FIG.13 is a cross sectional side elevation of the encoder of FIG. 12.

FIG.14 is a perspective view of a sliding plate used in the encoder of FIG.12.

FIG. 15 is a cross sectional view of the encoder of FIG. 13 at line F--F.

FIG.16 is a perspective view of a conventional rotary encoder with push switch.

FIG.17 is a cross sectional front elevation of the conventional encoder of FIG.16.

FIG. 18 is a cross sectional side elevation of the conventional encoder of FIG.16.

FIG.19 is a perspective view of a rotary disk and a clicking spring used in the conventional encoder of FIG.16, used for explaining the mutual relationship between the two items.

FIG.20 is a partially cut-away plane view of the conventional encoder of FIG. 16, used for explaining the rotating operation.

FIG.21 is a partially cut-away plane view of the conventional encoder of FIG. 16, used for explaining the horizontal operation.

DESCRIPTION OF THE PREFERRED EMBODIMENTS

Exemplary embodiments of the present invention are described in the following with reference to drawings, using a rotary encoder with built-in push switch as the vehicle.

Embodiment 1

In a rotary encoder with push switch of embodiment 1 as shown in FIG. 1 and FIG. 2, a revolving contact-points board 2, which functions as movable contact-points for the rotary encoder and the push switch, is attached on a fitting substrate 1, whose function being fixed contact-points. The revolving contact-points board 2 is provided with a round operation knob 3 fixed on it for driving, and is held revolvable by a pillar shaft 4 inserted through a center hole 2A. The revolving contact-points board 2 is slidable in a horizontal direction too on the fitting substrate 1 in the front-rear direction, and is being pushed to the front by a push back spring 5.

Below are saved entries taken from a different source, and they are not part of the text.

(* Let $r>1$. The Danilov fan $\Sigma(r,1)$ is obtained from the cone $\Delta(r,1)$ by successive weighted blow-ups (star subdivisions) at the rays through $p_{r-1},p_{r-2},\dots,p_1$, in this order. The Danilov fan $\Sigma(r,r-1)$ is obtained from $\Delta(r,r-1)$ by successive weighted blow-ups at the rays through $p_1,p_2,\dots,p_{r-1}$, in this order.
   Context: Notation: for integers $s$ and $t>0$, $\langle s\rangle_t$ is the least non-negative integer congruent to $s$ modulo $t$. A pair of integers $(r,a)$ is admissible if $r\ge1$, $0\le a<r$, $\gcd(r,a)=1$ (so $a=0$ only for $r=1$). For admissible $(r,a)$ put $N(r,a)=\mathbb Z^3+\mathbb Z\cdot\frac1r(1,a,r-a)\subset\mathbb Q^3$; $e_1,e_2,e_3$ is the standard basis and $\Delta(r,a)$ the cone spanned by $e_1,e_2,e_3$ (its toric variety is the singularity $\frac1r(1,a,r-a)$). Let $b$ be an inverse of $a$ modulo $r$ and $p_i=\frac1r(\langle -ib\rangle_r,r-i,i)$, $i=0,\dots,r$ (so $p_0=e_2$, $p_r=e_3$, $p_{r-a}=\frac1r(1,a,r-a)$). For $r>1$ let $(r_L,a_L)=(r-a,\langle r\rangle_{r-a})$, $(r_R,a_R)=(a,\langle -r\rangle_a)$; there are lattice isomorphisms $L:N(r_L,a_L)\to N(r,a)$, $R:N(r_R,a_R)\to N(r,a)$ with $L(e_1)=e_1$, $L(e_2)=e_2$, $L(e_3)=p_{r-a}$, $R(e_1)=e_1$, $R(e_2)=p_{r-a}$, $R(e_3)=e_3$. The Danilov fan $\Sigma(r,a)$ is defined recursively: $\Sigma(1,0)$ is $\Delta(1,0)$ with its faces; for $r>1$, $\Sigma(r,a)$ consists of the cone spanned by $e_2,e_3,p_{r-a}$ with its faces, together with $L(\Sigma(r_L,a_L))$ and $R(\Sigma(r_R,a_R))$. The weighted blow-up of a fan at the ray through a lattice point $p$ is its star subdivision at $p$: each cone containing $p$ is replaced by the cones spanned by $p$ and the faces of that cone not containing $p$. *)

theory Defs
  imports "HOL-Analysis.Analysis"
begin

text \<open>Points of N(r,a) tensor R = R^3 are represented as triples of reals.
  A fan is represented as a set of cones, each cone being a subset of R^3.\<close>

type_synonym pt3 = "real \<times> real \<times> real"

definition e1 :: pt3 where "e1 = (1, 0, 0)"
definition e2 :: pt3 where "e2 = (0, 1, 0)"
definition e3 :: pt3 where "e3 = (0, 0, 1)"

definition cone_span :: "pt3 set \<Rightarrow> pt3 set" where
  "cone_span S = {x. \<exists>V c. finite V \<and> V \<subseteq> S \<and> (\<forall>v\<in>V. c v \<ge> 0) \<and>
                            x = (\<Sum>v\<in>V. c v *\<^sub>R v)}"

definition faces :: "pt3 set \<Rightarrow> pt3 set set" where
  "faces \<sigma> = {\<tau>. \<tau> face_of \<sigma> \<and> \<tau> \<noteq> {}}"

text \<open>The cone Delta(r,a), spanned by e1, e2, e3 (the same real cone for every (r,a)).\<close>
definition Delta :: "pt3 set" where
  "Delta = cone_span {e1, e2, e3}"

definition star_sub :: "pt3 set set \<Rightarrow> pt3 \<Rightarrow> pt3 set set" where
  "star_sub F p = {\<sigma> \<in> F. p \<notin> \<sigma>} \<union>
     {cone_span (insert p \<tau>) | \<sigma> \<tau>. \<sigma> \<in> F \<and> p \<in> \<sigma> \<and> \<tau> \<in> faces \<sigma> \<and> p \<notin> \<tau>}"

definition inv_mod :: "nat \<Rightarrow> nat \<Rightarrow> nat" where
  "inv_mod r a = (SOME b. (a * b) mod r = 1 mod r)"

definition pnt :: "nat \<Rightarrow> nat \<Rightarrow> nat \<Rightarrow> pt3" where
  "pnt r a i = (let b = inv_mod r a in
     (of_int ((- (int i * int b)) mod int r) / real r,
      (real r - real i) / real r,
      real i / real r))"

definition Lmap :: "nat \<Rightarrow> nat \<Rightarrow> pt3 \<Rightarrow> pt3" where
  "Lmap r a x = (case x of (x1, x2, x3) \<Rightarrow> x1 *\<^sub>R e1 + x2 *\<^sub>R e2 + x3 *\<^sub>R pnt r a (r - a))"

definition Rmap :: "nat \<Rightarrow> nat \<Rightarrow> pt3 \<Rightarrow> pt3" where
  "Rmap r a x = (case x of (x1, x2, x3) \<Rightarrow> x1 *\<^sub>R e1 + x2 *\<^sub>R pnt r a (r - a) + x3 *\<^sub>R e3)"

text \<open>The first branch covers
  (1,0); other non-admissible arguments (a = 0 or a >= r with r > 1) are irrelevant.
  Here (r_L,a_L) = (r-a, <r>_(r-a)) and (r_R,a_R) = (a, <-r>_a).\<close>
function danilov :: "nat \<Rightarrow> nat \<Rightarrow> pt3 set set" where
  "danilov r a =
     (if r \<le> 1 \<or> a = 0 \<or> r \<le> a then faces Delta
      else faces (cone_span {e2, e3, pnt r a (r - a)})
           \<union> (`) (Lmap r a) ` danilov (r - a) (r mod (r - a))
           \<union> (`) (Rmap r a) ` danilov a ((a - r mod a) mod a))"
  by pat_completeness auto
termination
  by (relation "Wellfounded.measure fst") auto

end

theory Submission
  imports Defs
begin

text \<open>
  For
  \<open>a = 1\<close>, the first centre \<open>q = p_(r-1)\<close> lies in the interior of \<open>Delta\<close>, so blowing it up
  replaces \<open>Delta\<close> by the three simplicial cones on \<open>{e2, e3, q}\<close>, \<open>{e1, q, e3}\<close> and
  \<open>{e1, e2, q} = L Delta\<close>. The recursive definition of \<open>\<Sigma>(r, 1)\<close> produces the first two cones
  together with \<open>L \<Sigma>(r - 1, 1)\<close>. Since \<open>L\<close> is a linear isomorphism it commutes with star
  subdivision, the remaining centres are the \<open>L\<close>-images of the centres for \<open>\<Sigma>(r - 1, 1)\<close>,
  and a linear functional separates them from the two fixed cones; induction on \<open>r\<close> finishes
  the proof. The case \<open>a = r - 1\<close> is symmetric, with \<open>q = p_1\<close> and \<open>R\<close> in place of \<open>L\<close>.
\<close>

section \<open>Convex cones spanned by coordinate vectors\<close>

lemma convex_cone_hull_nonneg_combination:
  assumes "finite V" "V \<subseteq> S" "\<forall>v\<in>V. 0 \<le> c v"
  shows "(\<Sum>v\<in>V. c v *\<^sub>R v) \<in> convex_cone hull S"
  using assms by (induction V rule: finite_induct)
    (auto intro: convex_cone_hull_contains_0 convex_cone_hull_add convex_cone_hull_mul hull_inc)
(* Let $g\ge 1$ and let $\Gamma_g$ be the chain of $g$ loops with edge lengths $\ell_1,m_1,\dots,\ell_g,m_g$ satisfying the genericity condition. Then there is no divisor $D$ on $\Gamma_g$ of rank $r(D)\ge 1$ such that $K_{\Gamma_g}-2D$ is linearly equivalent to an effective divisor. Equivalently, there is no pair $(D,E)$ of divisors on $\Gamma_g$ with $r(D)\ge 1$, $E$ effective and $2D+E\sim K_{\Gamma_g}$.
   Context: The metric graph $\Gamma_g$: it has vertices $v_0,v_1,\dots,v_g$, and for each $i=1,\dots,g$ two edges joining $v_{i-1}$ and $v_i$, of positive lengths $\ell_i$ and $m_i$. The union of these two edges is the $i$-th loop $\bar\gamma_i$, a circle of circumference $\ell_i+m_i$; consecutive loops $\bar\gamma_i,\bar\gamma_{i+1}$ meet only at $v_i$. Genericity condition: for each $i$, the ratio $\ell_i/m_i$ is not equal to $a/b$ for any positive integers $a,b$ with $a+b\le 2g-2$. A divisor on a metric graph $\Gamma$ is a finite formal $\mathbb Z$-linear combination of points of $\Gamma$; its degree is the sum of coefficients; it is effective if all coefficients are $\ge 0$. A piecewise linear function $\psi$ on $\Gamma$ is a continuous function which is linear with integer slope on each edge of some finite subdivision of $\Gamma$; $\mathrm{ord}_p(\psi)$ is the sum of the incoming slopes of $\psi$ along all edge directions at $p$, and $\mathrm{div}(\psi)=\sum_p \mathrm{ord}_p(\psi)\,p$. Two divisors $D,D'$ are linearly equivalent, $D\sim D'$, if $D-D'=\mathrm{div}(\psi)$ for some such $\psi$. The rank $r(D)$ is the largest integer $r$ such that $D-F$ is linearly equivalent to an effective divisor for every effective divisor $F$ of degree $r$ ($r(D)=-1$ if $D$ is not equivalent to an effective divisor). The canonical divisor is $K_\Gamma=\sum_{v}(\mathrm{val}(v)-2)\,v$; for $\Gamma_g$ this is $K_{\Gamma_g}=2(v_1+\dots+v_{g-1})$, of degree $2g-2$. *)

theory Defs
  imports "HOL-Analysis.Analysis"
begin
(* Let $T:\mathbb{T}^d\to\mathbb{T}^d$ be a $C^\infty$ uniformly expanding map with $\gamma:=\inf_{(x,v)\in S\mathbb{T}^d}|D_xT(v)|>1$ and smooth invariant probability density $h>0$, let $\tau\in C^\infty(\mathbb{T}^d,\mathbb{R}^\ell)$, $s<0$, and let $R$, $g$, $\mathcal{F}^n_{\mathbf n,y}$ and $\widetilde p_{\mathbf n,n}$ be as in the context. Let $\mathbf n\in\mathbb{S}^{\ell-1}$. Then: (1) $\widetilde p_{\mathbf n,n}(x,\xi)\le1$ for all $n\in\mathbb{N}$ and $(x,\xi)\in\mathbb{T}^d\times\mathbb{R}^d$; (2) $\widetilde p_{\mathbf n,n}(x,\xi)<1$ if and only if there is $y\in T^{-n}x$ with $|\mathcal{F}^n_{\mathbf n,y}(\xi)|>R$; (3) $\widetilde p_{\mathbf n,n}(x,\xi)\le\left(\frac{\gamma+1}{2}\right)^{2s}<1$ for all $n\in\mathbb{N}$ and all $(x,\xi)$ with $|\xi|>R$.
   Context: Fix $R>\max\{1,\max\{1,2\|D\tau\|\}/(\gamma-1)\}$ with $\|D\tau\|=\sup_x|D_x\tau|$. Let $g_0\in C^\infty(\mathbb{R}^+)$ with $g_0(t)=1$ for $t\le R$, $g_0(t)=t$ for $t\ge\frac{\gamma+1}{2}R$, and on $[R,\frac{\gamma+1}{2}R)$ $g_0$ strictly increasing with $1\le g_0(t)\le t$; $g(\xi)=g_0(|\xi|)$. $\mathcal{A}_n(y)=\frac{1}{|\mathrm{Jac}(T^n)(y)|}\frac{h(y)}{h(T^ny)}$, $W_n(x)=\sum_{k=0}^{n-1}(D_xT^k)^t(D_{T^kx}\tau)^t$, $\mathcal{F}^n_{\mathbf n,y}(\xi)=(D_yT^n)^t\xi+W_n(y)\mathbf n$, and $\widetilde p_{\mathbf n,n}(x,\xi)=\sum_{T^ny=x}\mathcal{A}_n(y)\left[g(\mathcal{F}^n_{\mathbf n,y}(\xi))/g(\xi)\right]^{2s}$. *)

theory Defs
  imports "HOL-Analysis.Analysis"
begin

fun dirder :: "'a::real_normed_vector list \<Rightarrow> ('a \<Rightarrow> 'b::real_normed_vector) \<Rightarrow> 'a \<Rightarrow> 'b" where
  "dirder [] f = f"
| "dirder (v # vs) f = (\<lambda>x. frechet_derivative (dirder vs f) (at x) v)"
(* Let $\mathcal{A}$ be a semi-abelian category, and let $m:I\to A$ be a kernel (equivalently, a normal monic) in $\mathcal{A}$. The following are equivalent: (1) $m$ is an essential monic; (2) whenever $f:A\to B$ is an arrow such that $fm$ is a normal monic, $f$ is monic; (3) if $g:J\to A$ is a normal monic with $g\perp m$, then $g=0$ (i.e. $J$ is a zero object).
   Context: In a semi-abelian category, normal monics coincide with kernels; the ideals of an object $A$ are the subobjects of $A$ represented by normal monics with target $A$, and they form a bounded lattice. For normal monics (ideals) $g,m$ with target $A$, write $g\perp m$ if their meet in the lattice of ideals of $A$ is $0$ (equivalently, the pullback of $g$ and $m$ is a zero object). An arrow $m$ is an essential monic if $m$ is monic and for every arrow $g$ such that $gm$ is defined and monic, $g$ is monic. *)

theory Defs
  imports Main
begin

section \<open>Categories (arrows of type 'a, objects of type 'o); Comp C g f means g after f\<close>

record ('o, 'a) cat =
  Obj :: "'o set"
  Arr :: "'a set"
  Dom :: "'a \<Rightarrow> 'o"
  Cod :: "'a \<Rightarrow> 'o"
  Id  :: "'o \<Rightarrow> 'a"
  Comp :: "'a \<Rightarrow> 'a \<Rightarrow> 'a"

definition category :: "('o, 'a) cat \<Rightarrow> bool" where
  "category C \<longleftrightarrow>
     (\<forall>f\<in>Arr C. Dom C f \<in> Obj C \<and> Cod C f \<in> Obj C) \<and>
     (\<forall>a\<in>Obj C. Id C a \<in> Arr C \<and> Dom C (Id C a) = a \<and> Cod C (Id C a) = a) \<and>
     (\<forall>f\<in>Arr C. \<forall>g\<in>Arr C. Cod C f = Dom C g \<longrightarrow>
        Comp C g f \<in> Arr C \<and> Dom C (Comp C g f) = Dom C f \<and> Cod C (Comp C g f) = Cod C g) \<and>
     (\<forall>f\<in>Arr C. Comp C f (Id C (Dom C f)) = f \<and> Comp C (Id C (Cod C f)) f = f) \<and>
     (\<forall>f\<in>Arr C. \<forall>g\<in>Arr C. \<forall>h\<in>Arr C. Cod C f = Dom C g \<and> Cod C g = Dom C h \<longrightarrow>
        Comp C h (Comp C g f) = Comp C (Comp C h g) f)"

definition hom :: "('o, 'a) cat \<Rightarrow> 'o \<Rightarrow> 'o \<Rightarrow> 'a set" where
  "hom C a b = {f \<in> Arr C. Dom C f = a \<and> Cod C f = b}"

definition monic :: "('o, 'a) cat \<Rightarrow> 'a \<Rightarrow> bool" where
  "monic C m \<longleftrightarrow> m \<in> Arr C \<and>
     (\<forall>g\<in>Arr C. \<forall>h\<in>Arr C. Cod C g = Dom C m \<and> Cod C h = Dom C m \<and> Dom C g = Dom C h \<and>
        Comp C m g = Comp C m h \<longrightarrow> g = h)"

definition iso :: "('o, 'a) cat \<Rightarrow> 'a \<Rightarrow> bool" where
  "iso C f \<longleftrightarrow> f \<in> Arr C \<and>
     (\<exists>g\<in>hom C (Cod C f) (Dom C f). Comp C g f = Id C (Dom C f) \<and> Comp C f g = Id C (Cod C f))"

definition initial :: "('o, 'a) cat \<Rightarrow> 'o \<Rightarrow> bool" where
  "initial C z \<longleftrightarrow> z \<in> Obj C \<and> (\<forall>a\<in>Obj C. \<exists>!f. f \<in> hom C z a)"

definition terminal :: "('o, 'a) cat \<Rightarrow> 'o \<Rightarrow> bool" where
  "terminal C z \<longleftrightarrow> z \<in> Obj C \<and> (\<forall>a\<in>Obj C. \<exists>!f. f \<in> hom C a z)"

definition zero_obj :: "('o, 'a) cat \<Rightarrow> 'o \<Rightarrow> bool" where
  "zero_obj C z \<longleftrightarrow> initial C z \<and> terminal C z"

definition pointed :: "('o, 'a) cat \<Rightarrow> bool" where
  "pointed C \<longleftrightarrow> (\<exists>z. zero_obj C z)"

definition zero_arrow :: "('o, 'a) cat \<Rightarrow> 'a \<Rightarrow> bool" where
  "zero_arrow C f \<longleftrightarrow> f \<in> Arr C \<and>
     (\<exists>z. zero_obj C z \<and> (\<exists>u\<in>hom C (Dom C f) z. \<exists>v\<in>hom C z (Cod C f). f = Comp C v u))"

definition is_kernel :: "('o, 'a) cat \<Rightarrow> 'a \<Rightarrow> 'a \<Rightarrow> bool" where
  "is_kernel C k f \<longleftrightarrow> f \<in> Arr C \<and> k \<in> Arr C \<and> Cod C k = Dom C f \<and>
     zero_arrow C (Comp C f k) \<and>
     (\<forall>x\<in>Arr C. Cod C x = Dom C f \<and> zero_arrow C (Comp C f x) \<longrightarrow>
        (\<exists>!u. u \<in> hom C (Dom C x) (Dom C k) \<and> Comp C k u = x))"
theorem proposition7p1:
  fixes p N :: nat
    and nus :: "nat \<Rightarrow> nat \<times> nat \<Rightarrow> real"
    and sigma :: "nat \<Rightarrow> nat \<times> nat \<Rightarrow> real \<times> real"
    and nu :: "nat \<times> nat \<Rightarrow> real"
  assumes "1 \<le> p" and "2 \<le> N"
    and "\<forall>k\<in>{1..N}. nus k \<in> unit_simplex p"
    and "\<forall>k\<in>{1..N}. sigma k \<in> meshS p"
    and "nu \<in> unit_simplex p"
  shows "(\<forall>i\<in>{1..N}. \<exists>xi' \<in> meshM p.
            (\<lambda>x. - lap_h p xi' x) = (\<lambda>x. div_h p (sigma i) x + nus i x - nu x))
       \<and> (\<forall>xi' :: nat \<Rightarrow> nat \<times> nat \<Rightarrow> real.
            (\<forall>i\<in>{1..N}. xi' i \<in> meshM p \<and>
               (\<lambda>x. - lap_h p (xi' i) x) = (\<lambda>x. div_h p (sigma i) x + nus i x - nu x))
            \<longrightarrow> (let xi = (\<lambda>i x. xi' i x - resolv p N (\<lambda>y. (\<Sum>j=1..N. xi' j y) / real N) x)
                 in is_proj p N (Fh p N nus) (sigma, nu)
                      (\<lambda>i x. sigma i x + grad_h p (xi i) x,
                       \<lambda>x. nu x + (\<Sum>j=1..N. xi j x))))"
proof (intro conjI ballI allI impI)
  fix i assume "i \<in> {1..N}"
  then show "\<exists>xi' \<in> meshM p. (\<lambda>x. - lap_h p xi' x) = (\<lambda>x. div_h p (sigma i) x + nus i x - nu x)"
    using assms(3,5) by (intro lap_h_solvable_div_simplex) auto
next
  fix xi' :: "nat \<Rightarrow> nat \<times> nat \<Rightarrow> real"
  define W where "W = resolv p N (\<lambda>y. (\<Sum>j=1..N. xi' j y) / real N)"
  assume "\<forall>i\<in>{1..N}. xi' i \<in> meshM p \<and>
    (\<lambda>x. - lap_h p (xi' i) x) = (\<lambda>x. div_h p (sigma i) x + nus i x - nu x)"
  then have "(\<lambda>i x. sigma i x + grad_h p (\<lambda>x. xi' i x - W x) x,
      \<lambda>x. nu x + (\<Sum>j=1..N. xi' j x - W x)) \<in> Fh p N nus"
    unfolding W_def using assms(2,4,5) by (intro gradient_correction_in_Fh) (auto simp: unit_simplex_def)
  then show "let xi = (\<lambda>i x. xi' i x - resolv p N (\<lambda>y. (\<Sum>j=1..N. xi' j y) / real N) x)
      in is_proj p N (Fh p N nus) (sigma, nu) (\<lambda>i x. sigma i x + grad_h p (xi i) x, \<lambda>x. nu x + (\<Sum>j=1..N. xi j x))"
    unfolding Let_def W_def[symmetric] by (rule is_proj_Fh_if_gradient_form[where xi = "\<lambda>i x. xi' i x - W x"])
qed

end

The fitting substrate 1 is a flat board made of resin, shaped round at one end and square at the other end, as shown in FIG. 3. The fitting substrate 1 has an oblong hole 6 penetrating through the upper to the lower surfaces, the oblong hole 6 locating at the radial center of the round portion with the inner diameter expanding along the line connecting the center and the middle point of width of the square portion, and is provided with pedestals 1A on the bottom surface for determining the mounting height and mounting feet 18 for soldering onto a circuit board of an appliance. The foot 4A of pillar shaft 4 is inserted through the oblong hole 6 to be slidable along the line of major diameter, and the bottom end 4B is caulked into the center hole 7A of sliding plate 7 made of an elastic thin metal sheet disposed along the bottom surface of fitting substrate 1. The sliding plate 7 is attached on the fitting substrate 1 with the rear part 7B passing through a through hole 1B, the rear part 7B extruding above is being pushed back by the push-back spring 5 mounted in a spring holder 1C provided in the square portion. By the force of push-back spring 5, the foot 4A of pillar shaft 4 is usually pressed to the front wall of oblong hole 6.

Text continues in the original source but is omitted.